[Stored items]
··········

lemma emd_ge_far_mass:
  assumes p: "prob_dist n p" and q: "prob_dist n q" and B: "B \<subseteq> {1..n}"
    and far: "\<And>t. t \<in> B \<Longrightarrow> window_mass n q t (D t) \<le> p t / 2"
  shows "(\<Sum>t\<in>B. p t * real (D t) / 2) \<le> emd n p q"
  unfolding emd_def
proof (rule cInf_greatest)
  show "{c. \<exists>g. coupling n p q g \<and> c = (\<Sum>x=1..n. \<Sum>y=1..n. g x y * \<bar>real x - real y\<bar>)} \<noteq> {}"
    using coupling_product[OF p q] by blast
next
  fix c assume "c \<in> {c. \<exists>g. coupling n p q g \<and> c = (\<Sum>x=1..n. \<Sum>y=1..n. g x y * \<bar>real x - real y\<bar>)}"
  then obtain g where g: "coupling n p q g"
    and c: "c = (\<Sum>x=1..n. \<Sum>y=1..n. g x y * \<bar>real x - real y\<bar>)" by blast
  have "(\<Sum>t\<in>B. p t * real (D t) / 2) \<le> (\<Sum>t\<in>B. (p t - window_mass n q t (D t)) * real (D t))"
  proof (rule sum_mono)
    fix t assume "t \<in> B"
    then have "p t / 2 \<le> p t - window_mass n q t (D t)" using far by simp
    from mult_right_mono[OF this, of "real (D t)"]
    show "p t * real (D t) / 2 \<le> (p t - window_mass n q t (D t)) * real (D t)" by simp
  qed
  also have "\<dots> \<le> (\<Sum>t\<in>B. \<Sum>y=1..n. g t y * \<bar>real t - real y\<bar>)"
    using coupling_row_cost_ge[OF g] B by (intro sum_mono) auto
  also have "\<dots> \<le> c" unfolding c
    using B g by (intro sum_mono2) (auto simp: coupling_def intro!: sum_nonneg)
  finally show "(\<Sum>t\<in>B. p t * real (D t) / 2) \<le> c" .
qed

section \<open>Number of comparisons for a single target\<close>

definition stop_iter :: "nat \<Rightarrow> (nat \<Rightarrow> real) \<Rightarrow> nat \<Rightarrow> nat" where
  "stop_iter n q t = (LEAST I. 2 / 2 ^ 2 ^ Suc I < window_mass n q t (2 ^ 2 ^ I))"
(* Let $\mathcal{O}$ be the set of $24$-tuples of integers $a_1A_1+a_2A_2$ with $a_1\in\mathbb{Z}$ and $a_2=\pm3^\alpha2^\beta$ for some $\alpha\in\{0,1\}$, $\beta\in\mathbb{N}$, such that $3\nmid\gcd(a_1,a_2)$, where $A_1=(1,0,-1)^8$ and $A_2=(0,1,-1,-1,3,-2,-2,5,-3,-3,7,-4,-4,9,-5,-5,11,-6,-6,13,-7,-7,15,-8)$. Then for every $A\in\mathcal{O}$ and every odd positive integer $m$, the orbit of $S=\mathrm{IAP}(\pi_m(A),\pi_m(A)X_{24})$ is $(3m,3m)$-periodic and the triangles $\nabla S[3\lambda m]$ are balanced in $\mathbb{Z}/m\mathbb{Z}$ for all non-negative integers $\lambda$.
   Context: $\pi_m$ is reduction mod $m$; tuples are row vectors; $X_{24}=(\delta_{r,s}+\delta_{r,25-s})_{1\le r,s\le24}$. For $24$-tuples $A=(a_0,\dots,a_{23})$, $D=(d_0,\dots,d_{23})$, $\mathrm{IAP}(A,D)=(u_j)_{j\in\mathbb{Z}}$ with $u_{24q+r}=a_r+qd_r$. $S[n]=(u_0,\dots,u_{n-1})$. The orbit of $(u_j)$ is $(a_{i,j})_{(i,j)\in\mathbb{N}\times\mathbb{Z}}$ with $a_{0,j}=u_j$, $a_{i,j}=-a_{i-1,j}-a_{i-1,j+1}$; it is $(p,q)$-periodic if $a_{i+q,j}=a_{i,j+p}=a_{i,j}$ for all $(i,j)$. For a finite sequence, $\nabla(u_0,\dots,u_{n-1})=(a_{i,j})_{i+j<n}$ defined by the same rule; it is balanced if every element of $\mathbb{Z}/m\mathbb{Z}$ occurs equally often among its entries. *)

theory Defs
  imports Main
begin

text \<open>24-tuples are represented as functions nat => int, index r in 0..23
  (0-based; the paper's a_0..a_23). Elements of Z/mZ are represented by
  their canonical residues in {0..m-1}.\<close>

definition A1 :: "nat \<Rightarrow> int" where
  "A1 r = [1, 0, -1] ! (r mod 3)"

··········

◆ **EXERCISE PROMPT**
Return exactly what appears above, from the first line of the entries to the line with "2) \<le> emd", inclusive.

◆ **ANSWER**
lemma emd_ge_far_mass:
  assumes p: "prob_dist n p" and q: "prob_dist n q" and B: "B \<subseteq> {1..n}"
    and far: "\<And>t. t \<in> B \<Longrightarrow> window_mass n q t (D t) \<le> p t / 2"
  shows "(\<Sum>t\<in>B. p t * real (D t) / 2) \<le> emd n p q"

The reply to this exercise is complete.